Unfortunately for me The Pi**ed-Off Parents Club is exactly everything I don’t like in a tale about motherhood. What I don’t like most of all is how the new mother’s like Roxy think that their baby, their boyfriend, their new house in the sticks, all happened without her knowledge. I mean, my God. Roxy’s baby, Joey, didn’t just appear. Roxy got pregnant. Jack didn’t just magic out of nowhere, she chose him. Her move to the country wasn’t with a gun to her head, she agrees. Yet Roxy spends the entire novel complaining how fat her baby is, how annoying Jack is, and how horrible it is in the country. This is someone who is almost 40-years-old and yet all she does is whine, whine, whine, whine, whine. She’s never happy. She doesn’t like her baby, Joey; she doesn’t like Jack because (gasp!) he’s trying to make money to keep them going; she doesn’t like the building site her house is… It’s all just so darn terrible for her! (I don’t know how she survived, truly I don’t.)

I don’t know why every mother story has to be so hateful. Are there no mothers who, after having a baby and moving to the country, are actually happy? Is that just not possible? Must they all be miserable saps who spend their time whinging and moaning? I mean, it’s not a glowing recommendation for motherhood. It makes you fat, your baby won’t like you, you’ll snap at everyone, you’ll be just a miserable cow, basically.
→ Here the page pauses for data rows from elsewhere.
(* Let $\omega\in(0,\pi/2]$ and let $K$ be a cap with rotation angle $\omega$. For every $0\le t<\omega$ the right derivatives of $\mathbf{y}_K$ and $\mathbf{x}_K$ at $t$ exist and equal $$\partial^+\mathbf{y}_K(t)=-g_K^+(t)u_t+h_K^+(t)v_t,\qquad \partial^+\mathbf{x}_K(t)=-(g_K^+(t)-1)u_t+(h_K^+(t)-1)v_t.$$ For every $0<t\le\omega$ the left derivatives exist and equal $$\partial^-\mathbf{y}_K(t)=-g_K^-(t)u_t+h_K^-(t)v_t,\qquad \partial^-\mathbf{x}_K(t)=-(g_K^-(t)-1)u_t+(h_K^-(t)-1)v_t.$$
   Context: For $t\in\mathbb{R}$ let $u_t=(\cos t,\sin t)$, $v_t=(-\sin t,\cos t)$; $p_K(t)=\max_{p\in K}p\cdot u_t$; $H(t,h)=\{p:p\cdot u_t\le h\}$. With $J_\omega=[0,\omega]\cup[\pi/2,\pi/2+\omega]$, a cap with rotation angle $\omega$ is a nonempty compact convex $K\subset\mathbb{R}^2$ with $p_K(\omega)=p_K(\pi/2)=1$, $p_K(\pi+\omega)=p_K(3\pi/2)=0$, which is an intersection of closed half-planes $H(t,h)$ with $t\in J_\omega\cup\{\pi+\omega,3\pi/2\}$. The edge $e_K(t)=\{p\in K:p\cdot u_t=p_K(t)\}$ is a segment (possibly a point); $v_K^+(t)$ (resp. $v_K^-(t)$) is its endpoint farthest in direction $v_t$ (resp. $-v_t$). Set $A_K^\pm(t)=v_K^\pm(t)$, $C_K^\pm(t)=v_K^\pm(t+\pi/2)$. For $t\in[0,\omega]$: $\mathbf{y}_K(t)=p_K(t)u_t+p_K(t+\pi/2)v_t$, $\mathbf{x}_K(t)=\mathbf{y}_K(t)-u_t-v_t$; $g_K^\pm(t)$ is the real number with $\mathbf{y}_K(t)=A_K^\pm(t)+g_K^\pm(t)v_t$, and $h_K^\pm(t)$ is the real number with $\mathbf{y}_K(t)=C_K^\pm(t)+h_K^\pm(t)u_t$. $\partial^+$ and $\partial^-$ denote right and left derivatives. *)

theory Defs
  imports "HOL-Analysis.Analysis"
begin

type_synonym pt = "real \<times> real"

definition uvec :: "real \<Rightarrow> pt" where "uvec t = (cos t, sin t)"
definition vvec :: "real \<Rightarrow> pt" where "vvec t = (- sin t, cos t)"

definition supp :: "pt set \<Rightarrow> real \<Rightarrow> real" where
  "supp K t = Sup ((\<lambda>p. p \<bullet> uvec t) ` K)"

definition halfplane :: "real \<Rightarrow> real \<Rightarrow> pt set" where
  "halfplane t h = {p. p \<bullet> uvec t \<le> h}"

definition Jset :: "real \<Rightarrow> real set" where
  "Jset \<omega> = {0..\<omega>} \<union> {pi/2..pi/2 + \<omega>}"

definition is_cap :: "real \<Rightarrow> pt set \<Rightarrow> bool" where
  "is_cap \<omega> K \<longleftrightarrow> K \<noteq> {} \<and> compact K \<and> convex K \<and>
     supp K \<omega> = 1 \<and> supp K (pi/2) = 1 \<and> supp K (pi + \<omega>) = 0 \<and> supp K (3*pi/2) = 0 \<and>
     (\<exists>S. S \<subseteq> (Jset \<omega> \<union> {pi + \<omega>, 3*pi/2}) \<times> UNIV \<and>
          K = \<Inter> ((\<lambda>(t,h). halfplane t h) ` S))"

definition edge :: "pt set \<Rightarrow> real \<Rightarrow> pt set" where
  "edge K t = {p \<in> K. p \<bullet> uvec t = supp K t}"

definition vplus :: "pt set \<Rightarrow> real \<Rightarrow> pt" where
  "vplus K t = (THE p. p \<in> edge K t \<and> (\<forall>q \<in> edge K t. q \<bullet> vvec t \<le> p \<bullet> vvec t))"
definition vminus :: "pt set \<Rightarrow> real \<Rightarrow> pt" where
  "vminus K t = (THE p. p \<in> edge K t \<and> (\<forall>q \<in> edge K t. p \<bullet> vvec t \<le> q \<bullet> vvec t))"

definition Aplus :: "pt set \<Rightarrow> real \<Rightarrow> pt" where "Aplus K t = vplus K t"
definition Aminus :: "pt set \<Rightarrow> real \<Rightarrow> pt" where "Aminus K t = vminus K t"
definition Cplus :: "pt set \<Rightarrow> real \<Rightarrow> pt" where "Cplus K t = vplus K (t + pi/2)"
definition Cminus :: "pt set \<Rightarrow> real \<Rightarrow> pt" where "Cminus K t = vminus K (t + pi/2)"

definition yK :: "pt set \<Rightarrow> real \<Rightarrow> pt" where
  "yK K t = supp K t *\<^sub>R uvec t + supp K (t + pi/2) *\<^sub>R vvec t"
definition xK :: "pt set \<Rightarrow> real \<Rightarrow> pt" where
  "xK K t = yK K t - uvec t - vvec t"

definition gplus :: "pt set \<Rightarrow> real \<Rightarrow> real" where
  "gplus K t = (THE g. yK K t = Aplus K t + g *\<^sub>R vvec t)"
definition gminus :: "pt set \<Rightarrow> real \<Rightarrow> real" where
  "gminus K t = (THE g. yK K t = Aminus K t + g *\<^sub>R vvec t)"
definition hplus :: "pt set \<Rightarrow> real \<Rightarrow> real" where
  "hplus K t = (THE h. yK K t = Cplus K t + h *\<^sub>R uvec t)"
definition hminus :: "pt set \<Rightarrow> real \<Rightarrow> real" where
  "hminus K t = (THE h. yK K t = Cminus K t + h *\<^sub>R uvec t)"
It makes you wonder why anybody bothers procreating. Why don’t we just let the world die out? I could even have enjoyed the novel if it wasn’t something I’d read before so many times. Not even the pi**ed-off parents club could lift the novel out of the doom and gloom it was mired in. That should have been its selling point. That was its unique thing that could set it apart… Except for the fact they all sat there drinking too much, smoking too much and, surprise surprise, complaining too much. There was never any respite from the complaining and it was too much for me.
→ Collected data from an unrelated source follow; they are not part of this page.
lemma geometric_mean_square_ge:
  assumes f: "0 \<le> f" and g: "0 \<le> g"
    and greatest: "\<And>u. (\<And>\<theta>. \<theta> > 0 \<Longrightarrow> u \<le> \<theta> *\<^sub>R f + inverse \<theta> *\<^sub>R g) \<Longrightarrow> u \<le> (s::'a)"
  shows "4 *\<^sub>R (f * g) \<le> s * s"
proof -
  define K where "K = 8 *\<^sub>R (f * g) + (f * f + g * g)"
  have fg: "0 \<le> f * g" and ffgg: "0 \<le> f * f + g * g"
    using f g by (simp_all add: f_algebra_mult_nonneg[OF FA] add_nonneg_nonneg)
  then have K: "0 \<le> K" by (simp add: K_def scaleR_nonneg_nonneg)
  have "4 *\<^sub>R (f * g) - s * s \<le> (1 / real n) *\<^sub>R K" if n: "n \<ge> 1" for n
  proof -
    define \<rho> where "\<rho> = (real n + 1) / real n"
    have \<rho>: "\<rho> > 1" using n by (simp add: \<rho>_def)
    obtain N where N: "2 * real n < \<rho> ^ N" using real_arch_pow[OF \<rho>] by blast
    have "4 *\<^sub>R (f * g) - s * s
        \<le> 4 *\<^sub>R (f * g) - ((4 / \<rho>\<^sup>2) *\<^sub>R (f * g) - (4 / \<rho> ^ (2 * N)) *\<^sub>R (f * f + g * g))"
      using geometric_mean_square_ge_approx[OF \<rho> f g greatest] by (rule diff_left_mono)
    also have "\<dots> = (4 - 4 / \<rho>\<^sup>2) *\<^sub>R (f * g) + (4 / \<rho> ^ (2 * N)) *\<^sub>R (f * f + g * g)"
      by (simp add: algebra_simps)
    also have "\<dots> \<le> (8 / real n) *\<^sub>R (f * g) + (1 / real n) *\<^sub>R (f * f + g * g)"
    proof (intro add_mono scaleR_right_mono fg ffgg)
      have "4 - 4 / \<rho>\<^sup>2 = 4 * (2 * real n + 1) / (real n + 1)\<^sup>2"
        unfolding \<rho>_def using n by (simp add: divide_simps) (simp add: algebra_simps power2_eq_square)
      also have "\<dots> \<le> 8 / real n"
        using n by (simp add: field_simps power2_eq_square add_pos_pos)
      finally show "4 - 4 / \<rho>\<^sup>2 \<le> 8 / real n" .
      have "4 * real n \<le> (2 * real n)\<^sup>2" using n by (simp add: power2_eq_square)
      also have "\<dots> \<le> (\<rho> ^ N)\<^sup>2"
        using N n by (intro power_mono) auto
      also have "\<dots> = \<rho> ^ (2 * N)"
        by (metis power_mult mult.commute)
      finally show "4 / \<rho> ^ (2 * N) \<le> 1 / real n"
        using n \<rho> by (simp add: field_simps)
    qed
    also have "\<dots> = (1 / real n) *\<^sub>R K" by (simp add: K_def scaleR_add_right)
    finally show ?thesis .
  qed
  then have "4 *\<^sub>R (f * g) - s * s \<le> 0" using K by (intro archimedean_le_0[OF AR])
  then show ?thesis by simp
qed

lemma geometric_mean_square:
  assumes f: "0 \<le> f" and g: "0 \<le> g"
    and s: "is_inf_of {\<theta> *\<^sub>R f + inverse \<theta> *\<^sub>R g | \<theta>. \<theta> > 0} s"
  shows "0 \<le> s" "s * s = 4 *\<^sub>R (f * (g::'a))"
proof -
  have lower: "s \<le> \<theta> *\<^sub>R f + inverse \<theta> *\<^sub>R g" if "\<theta> > 0" for \<theta>
    using s that unfolding is_inf_of_def by blast
  have greatest: "u \<le> s" if "\<And>\<theta>. \<theta> > 0 \<Longrightarrow> u \<le> \<theta> *\<^sub>R f + inverse \<theta> *\<^sub>R g" for u
    using s that unfolding is_inf_of_def by blast
  show "0 \<le> s" using f g by (intro greatest) (simp add: scaleR_nonneg_nonneg)
  then show "s * s = 4 *\<^sub>R (f * g)"
    using geometric_mean_square_le[OF f g _ lower] geometric_mean_square_ge[OF f g greatest]
    by (simp add: order.antisym)
qed

end

lemma the_is_inf_of:
  assumes "is_inf_of S s"
  shows "(THE s. is_inf_of S s) = s"
  using assms by (rule the_equality) (meson assms is_inf_of_def order.antisym)

theorem proposition2p1:
  fixes K_is_C :: bool and f g :: "'a::{real_algebra,ordered_real_vector,lattice}"
  assumes "archimedean_f_algebra_over K_is_C TYPE('a)"
    and "semiprime_over K_is_C TYPE('a)"
    and "geometric_mean_closed TYPE('a)"
    and "0 \<le> f" and "0 \<le> g"
  shows "nth_root_exists 2 (f * g) \<and> f \<boxtimes> g = nth_root_A 2 (f * g)"
proof -
  have FA: "f_algebra TYPE('a)" and AR: "archimedean_vl TYPE('a)"
    using assms(1) by (simp_all add: archimedean_f_algebra_over_def)
  obtain s where s: "is_inf_of {\<theta> *\<^sub>R f + inverse \<theta> *\<^sub>R g | \<theta>. \<theta> > 0} s"
    using assms(3-5) unfolding geometric_mean_closed_def by blast
  have "0 \<le> (1/2) *\<^sub>R s" "(1/2) *\<^sub>R s * (1/2) *\<^sub>R s = f * g"
    using geometric_mean_square[OF FA AR assms(4,5) s] by (simp_all add: scaleR_nonneg_nonneg)
  then have "nth_root_exists 2 (f * g) \<and> nth_root_A 2 (f * g) = (1/2) *\<^sub>R s"
    by (rule f_algebra_nth_root_2[OF FA AR assms(2)])
  moreover have "f \<boxtimes> g = (1/2) *\<^sub>R s"
    unfolding gmean_def the_is_inf_of[OF s] ..
  ultimately show ?thesis by simp
qed

end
I’m obviously not the target market for this novel. But it shouldn’t really matter whether I have a baby or not. The point of fiction, of writing a story, of writing Chick Lit, is that anybody can enjoy it. Single females, married females, younger females like me… But books like this one really do pigeon-hole itself where only the miserable mothers can enjoy it. It may as well come with a label that says, “If you don’t have kids, you won’t understand.” Because I didn’t understand. I mean, Roxy’s life wasn’t that hard. She wasn’t depressed, she had a lovely enough boyfriend, she had her baby, she had friends… She just wasn’t interested. I couldn’t get past the fact she said out loud that her baby needs to lose weight. That she constantly called her baby “heavy” and implied Joey was fat. She just wasn’t likeable. I didn’t want to root for her. I wanted Jack to tell her where to stick herself. So, no, the book didn’t work for me. Will I try the sequel? Probably not. The ending of this one was just plain ridiculous that a second book would be much of the same, really. This is definitely a niche novel and that niche is people with babies.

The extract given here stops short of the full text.